Well, not exactly their most known tune, but Neil Young and Crazy Horse doing "Come On Baby Let's Go Downtown" sure kicks pretty hard. E &gt; A &gt; D. From Tonight's The Night.

----------


## steve in tampa

A lot of Eagles tunes can work well.
Van Morrison Brown Eyed Girl
Bob Seger has a few that work well
Steve Miller Band tunes

----------


## hellindc

Well, what rock tune doesn't work with mando?

Lodi
Almost anything by the Eagles
Definitely anything by Dylan
All the Dead stuff
Stones: This Will be the Last Time and Dead Flowers
Buddy Holly and Elvis has loads of stuff

I heard someone do great Jame Brown
on and on

----------


## nobleheart

I can't believe I forgot Lynard Skinard (sp).. they have many easy and fun tunes like...Sweet home Alabama, Gimme 2 steps, Free Bird, and by all means Simple Man.

----------


## csstanley

you can't forget the Almman Brothers Band. Any of there stuff is great.

Mountain Jam
Blue Sky
Sweet Melissa
Whipping Post(gotta have a good bass player though)

----------


## ira

another great skynyrd tune for mando=-balad of curtis lowe
others:
the joker
knockin on heaven's door
gloria
the weight
not fade away
evil ways (translates really nicely)

----------


## mandopete

Speaking of Lynyrd Skynyrd, there are some great bluegrassy covers on the *Lonesome Skynyrd Time* recording by Larry Cordle.

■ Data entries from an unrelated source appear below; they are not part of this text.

lemma axial_basis_independent_extra:
  assumes "admissible \<omega> u v (insert m K)" "finite K" "m \<notin> K" "card K = n"
  shows "\<exists>b. family_independent (axial_basis n u v) (insert (m, b) (K \<times> UNIV))"
proof (rule ccontr)
  define J where "J b = insert (m, b) (K \<times> UNIV)" for b :: bool
  assume "\<not> ?thesis"
  then have "\<forall>b. \<exists>w. (\<forall>x. (\<Sum>p\<in>J b. w p * axial_basis n u v p x) = 0) \<and> (\<exists>p\<in>J b. w p \<noteq> 0)"
    unfolding family_independent_def J_def by blast
  then obtain w where w: "\<forall>b. (\<forall>x. (\<Sum>p\<in>J b. w b p * axial_basis n u v p x) = 0) \<and> (\<exists>p\<in>J b. w b p \<noteq> 0)"
    by (rule choice[elim_format]) blast
  then have rel: "\<And>b x. (\<Sum>p\<in>J b. w b p * axial_basis n u v p x) = 0"
    and nontrivial: "\<And>b. \<exists>p\<in>J b. w b p \<noteq> 0"
    by blast+
  define c where "c b = complex_coeff (\<lambda>p. if p \<in> J b then w b p else 0)" for b
  have JK: "J b \<subseteq> insert m K \<times> UNIV" for b unfolding J_def by auto
  have rel_c: "\<forall>x. (\<Sum>k\<in>insert m K. Re (c b k * hform (u k) (v k) x ^ n)) = 0" for b
  proof
    fix x
    have "(\<Sum>p\<in>insert m K \<times> UNIV. (if p \<in> J b then w b p else 0) * axial_basis n u v p x)
        = (\<Sum>p\<in>J b. w b p * axial_basis n u v p x)"
      using JK assms(2) by (intro sum.mono_neutral_cong_right) auto
    then show "(\<Sum>k\<in>insert m K. Re (c b k * hform (u k) (v k) x ^ n)) = 0"
      using rel unfolding c_def sum_axial_basis by simp
  qed
  have cm: "c True m = of_real (w True (m, True))" "c False m = - \<i> * of_real (w False (m, False))"
    using assms(3) by (auto simp: c_def complex_coeff_def J_def)
  have "c False m * cnj (c True m) = c True m * cnj (c False m)"
    by (rule Re_hform_relations_coeff_real[OF assms rel_c rel_c])
  then have "w True (m, True) = 0 \<or> w False (m, False) = 0"
    unfolding cm by (auto simp: complex_eq_iff)
  moreover have "w b (m, b) \<noteq> 0" for b
  proof
    assume wm: "w b (m, b) = 0"
    then have "c b m = 0" by (cases b) (auto simp: c_def complex_coeff_def J_def assms(3))
    then have "\<forall>x. (\<Sum>k\<in>K. Re (c b k * hform (u k) (v k) x ^ n)) = 0"
      using rel_c[of b] assms(2,3) by simp
    then have "\<forall>k\<in>K. c b k = 0"
      using Re_hform_powers_independent[OF admissible_subset[OF assms(1)]] assms(2,4) by blast
    then have "w b (k, b') = 0" if "k \<in> K" for k b'
      using that assms(3) by (cases b') (auto simp: J_def c_def complex_coeff_def complex_eq_iff)
    then have "\<forall>p\<in>J b. w b p = 0" using wm unfolding J_def by auto
    then show False using nontrivial[of b] by blast
  qed
  ultimately show False by blast
qed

Great versions of *Call Me The Breeze* and *I Know A Little* - great blues form tunes!

----------


## Keith Erickson

...Led Zep:

1- That's the way
2- Over the Hills and Far Away
3- Going to California

...Guns n' Roses-

Anything off the 2nd side of G n' R Lies.

...Iron Maiden

666 The number of the Beast

...Megadeth

Symphony of Destruction 

...Bon Jovi

Wanted Dead or Alive ( I can't believe that I admitted that )  

Happy Picking

----------


## bjc

"Best Friend's Girl Friend" By The Cars
"Peaceful, Easy Feeling" by the Eagles
Anything off of Buffett's greatest hits...
It probably should just be songs that your folks have heard a billion times...

----------


## mando bandage

Copperhead Road by Steve Earle. And it's a song driven by a mando riff.

R

----------


## tree

Maggie May . . . possibly THE coolest mando/12-string guitar riffs in rock & roll.

----------


## G'DAE

How about Dance,Dance,Dance. Steve Miller Band!

----------


## mando bandage

Little Bit of Sympathy from Robin Trower's Bridge of Sighs

Three chord R&R at its finest.

R

----------


## gremlin

allman bros- one way out
georgia sattelites- keep your hands to yourself
kentucky head hunters- dumas walkers
slade- run run away
stevie ray vaughn- pride and joy
marshall tucker- cant you see
ted nugent- great white buffalo
zztop- sharp dressed man
kiss- hard luck woman
spinal tap- stonehenge ( has a great mando solo in the middle)
metallica- whiskey in the jar
thin lizzy- boys are back in town
steve earle- copperhead road
blackfoot-highway song
blackfoot-spending cabbage
johnny winter-rock and roll hootchie koo
alice cooper- no more mr nice guy

If ya need chord charts for these i can give ya the guitar chords you can transcribe to mando. just e-mail me

----------


## Flyer

I'm glad this topic came up..

Have been wondering if anyone is playing any of the Lynyrd Skynyrd songs off the 1994 Endagered Species album?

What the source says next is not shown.